AADC Deficiency affects around 100 people worldwide and is caused by mutations in the DDC gene. The DDC gene provides instructions to create the AADC enzyme, which helps produce dopamine and serotonin. Lack of the proper amounts of these neurotransmitters contributes to developmental delay, intellectual disability, abnormal movements, and autonomic dysfunction. The most severe form leads to death in the first decade of life.

These three diseases may not impact as many people as the average disease, but devastating harm is caused to those who are born with one of them. The Institute for Life Changing Medicines has seen the need and is willing to work to fill in the gap for these families. It will be interesting to see if the new model of a self-sustainable non-profit is successful in the long run. We can only hope that it is wildly successful and provides life changing medicines and hope to families and patients with ultra-rare diseases.

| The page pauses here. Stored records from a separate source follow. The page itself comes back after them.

text \<open>s^n_{i,j,k}: 0 |-> 0, i,j |-> k, the other elements (rank t among
  {1..n} minus {i,j}) go order-preservingly onto {1..n-1} minus {k}.\<close>

definition s_map :: "nat \<Rightarrow> nat \<Rightarrow> nat \<Rightarrow> nat \<Rightarrow> nat \<Rightarrow> nat" where
  "s_map n i j k x =
     (if x = 0 then 0
      else if x = i \<or> x = j then k
      else (let t = x - card {y \<in> {i, j}. y < x} in if t < k then t else t + 1))"

definition d_map :: "nat \<Rightarrow> nat \<Rightarrow> nat" where
  "d_map j x = (if x < j then x else x + 1)"

definition swap2 :: "nat \<Rightarrow> nat" where
  "swap2 x = (if x = 1 then 2 else if x = 2 then 1 else x)"

fun bitcount :: "nat \<Rightarrow> nat" where
  "bitcount n = (if n = 0 then 0 else n mod 2 + bitcount (n div 2))"

definition A_plus :: "nat \<Rightarrow> nat set" where
  "A_plus k = {i \<in> {1..2 ^ k}. even (bitcount (i - 1))}"

definition A_minus :: "nat \<Rightarrow> nat set" where
  "A_minus k = {i \<in> {1..2 ^ k}. odd (bitcount (i - 1))}"

definition special_perm :: "nat \<Rightarrow> (nat \<Rightarrow> nat) \<Rightarrow> bool" where
  "special_perm k \<pi> \<longleftrightarrow> \<pi> 0 = 0 \<and> bij_betw \<pi> {1..2 ^ k} {1..2 ^ k} \<and>
     \<pi> ` A_plus k = A_plus k \<and> \<pi> ` A_minus k = A_minus k"

text \<open>Coefficients of +-1_n in HZ[2^n] = Z^(2^n): +1 on A_+, -1 on A_-.\<close>

definition pm_one :: "nat \<Rightarrow> nat \<Rightarrow> int" where
  "pm_one n i = (if i \<in> A_plus n then 1 else if i \<in> A_minus n then -1 else 0)"

definition HZ_act :: "nat \<Rightarrow> (nat \<Rightarrow> nat) \<Rightarrow> (nat \<Rightarrow> int) \<Rightarrow> nat \<Rightarrow> int" where
  "HZ_act N f v m = (\<Sum>i\<in>{i \<in> {1..N}. f i = m}. v i)"

definition formal_difference_law :: "'a gamma_ring \<Rightarrow> 'a \<Rightarrow> bool" where
  "formal_difference_law R r \<longleftrightarrow>
     r \<in> carr R 2 \<and>
     act R 2 1 (p_map 2) r = one R \<and>
     act R 2 1 (s_map 2 1 2 1) r = base R 1 \<and>
     mul R 1 2 (act R 2 1 (p_map 1) r) r = act R 2 2 swap2 r \<and>
     mul R 2 1 r (act R 2 1 (p_map 1) r) = act R 2 2 swap2 r \<and>
     (\<forall>k\<ge>1. \<forall>\<pi>. special_perm k \<pi> \<longrightarrow>
        act R (2 ^ k) (2 ^ k) \<pi> (gpow R r k) = gpow R r k) \<and>
     (\<forall>k\<ge>1. \<forall>i j l. 1 \<le> i \<longrightarrow> i < j \<longrightarrow> j \<le> 2 ^ k \<longrightarrow>
        ((i \<in> A_plus k \<and> j \<in> A_minus k) \<or> (i \<in> A_minus k \<and> j \<in> A_plus k)) \<longrightarrow>
        1 \<le> l \<longrightarrow> l \<le> 2 ^ k - 1 \<longrightarrow>
        act R (2 ^ k) (2 ^ k - 1) (s_map (2 ^ k) i j l) (gpow R r k)
          = act R (2 ^ k - 2) (2 ^ k - 1) (d_map l)
              (act R (2 ^ k - 1) (2 ^ k - 2) (p_map i)
                 (act R (2 ^ k) (2 ^ k - 1) (p_map j) (gpow R r k))))"

end

theory Submission
  imports Defs
begin

(* The power r^n in R[2^n] is cancellative: if a pointed map h : [2^n] -> [k]
   sends a point i of A_+ and a point j of A_- to the same value, then h(r^n) does not
   change when i and j are sent to the basepoint instead.  This is axiom (4) of a formal
   difference law with l = 1: h factors as h' o s_{i,j,1}, and s_{i,j,1}(r^n) equals
   d_1 p_i p_j (r^n), where h' o d_1 o p_i o p_j is h with i and j collapsed to 0.
   Call h balanced off S if for every m <> 0 the fibre h^{-1}(m) minus S has as many points
   in A_+ as in A_-.  Cancelling such pairs one at a time (induction on the size of the
   support of h outside S) shows that a balanced h satisfies h(r^n) = h|_S(r^n).
   The theorem follows because its hypotheses say exactly that f is balanced off S: the
   m-th coefficient of f(+-1_n) is #(fibre in A_+) - #(fibre in A_-), and S takes away
   |n_m| points of the majority sign from that fibre. *)

lemma act_carr:
  assumes "discrete_gamma_space R" "pmap n m f" "x \<in> carr R n"
  shows "act R n m f x \<in> carr R m"
  using assms unfolding discrete_gamma_space_def by blast

lemma act_cong:
  assumes "discrete_gamma_space R" "pmap n m f" "\<And>i. i \<le> n \<Longrightarrow> f i = f' i" "x \<in> carr R n"
  shows "act R n m f x = act R n m f' x"
  using assms unfolding discrete_gamma_space_def by blast

lemma act_comp:
  assumes "discrete_gamma_space R" "pmap n m f" "pmap m l g" "x \<in> carr R n"
  shows "act R n l (g \<circ> f) x = act R m l g (act R n m f x)"
  using assms unfolding discrete_gamma_space_def by blast

lemma pmap_comp: "pmap n m f \<Longrightarrow> pmap m l g \<Longrightarrow> pmap n l (g \<circ> f)"
  by (auto simp: pmap_def)

lemma gpow_carr:
  assumes "discrete_gamma_ring R" "r \<in> carr R 2"
  shows "gpow R r n \<in> carr R (2 ^ n)"
proof (induction n)
  case 0
  then show ?case using assms by (simp add: discrete_gamma_ring_def)
next
  case (Suc n)
  have "mul R (2 ^ n) 2 (gpow R r n) r \<in> carr R (2 ^ n * 2)"
    using assms Suc by (simp add: discrete_gamma_ring_def)
  then show ?case by (simp add: mult.commute)
qed

text \<open>The recursion equation of bitcount would unfold forever under the simplifier.\<close>

declare bitcount.simps[simp del]

lemma A_plus_not_minus: "x \<in> A_plus n \<Longrightarrow> x \<notin> A_minus n"
  by (simp add: A_plus_def A_minus_def)

lemma A_plus_or_minus: "x \<in> {1..2 ^ n} \<Longrightarrow> x \<in> A_plus n \<or> x \<in> A_minus n"
  by (auto simp: A_plus_def A_minus_def)

lemma A_plus_range: "A_plus n \<subseteq> {1..2 ^ n}" and A_minus_range: "A_minus n \<subseteq> {1..2 ^ n}"
  by (auto simp: A_plus_def A_minus_def)

lemma finite_A_plus: "finite (A_plus n)" and finite_A_minus: "finite (A_minus n)"
  by (simp_all add: A_plus_def A_minus_def)

section \<open>Cancelling a pair of opposite signs\<close>

lemma s_map_1:
  assumes "1 \<le> i" "i < j"
  shows "s_map N i j 1 x = (if x = 0 then 0 else if x = i \<or> x = j then 1
           else if x < i then x + 1 else if x < j then x else x - 1)"
proof -
  have "{y \<in> {i, j}. y < x} = (if x \<le> i then {} else if x \<le> j then {i} else {i, j})"
    using assms by auto
  then have "card {y \<in> {i, j}. y < x} = (if x \<le> i then 0 else if x \<le> j then 1 else 2)"
    using assms by auto
  then show ?thesis
    unfolding s_map_def Let_def using assms by auto
qed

Even if every single non-profit formed to provide medicines to treat rare diseases flourishes, there is yet another hurdle to overcome. It will be vital to get the word out to Medical Centers, Physicians, and patients and their families. Since it is difficult to get an accurate diagnosis for ultra-rare diseases, people who could be treated may not obtain an accurate diagnosis and, if they do, it may come too late to create a solution in time. Therefore, the more people who are aware of the existence of non-profits like The Institute for Life Changing Medicines and n-Lorem that are able to help diagnose and develop treatments for those with ultra-rare diseases, the more likely it is that everyone who can be helped by these foundations will be. In this endeavor, we can all play a part and spread the word.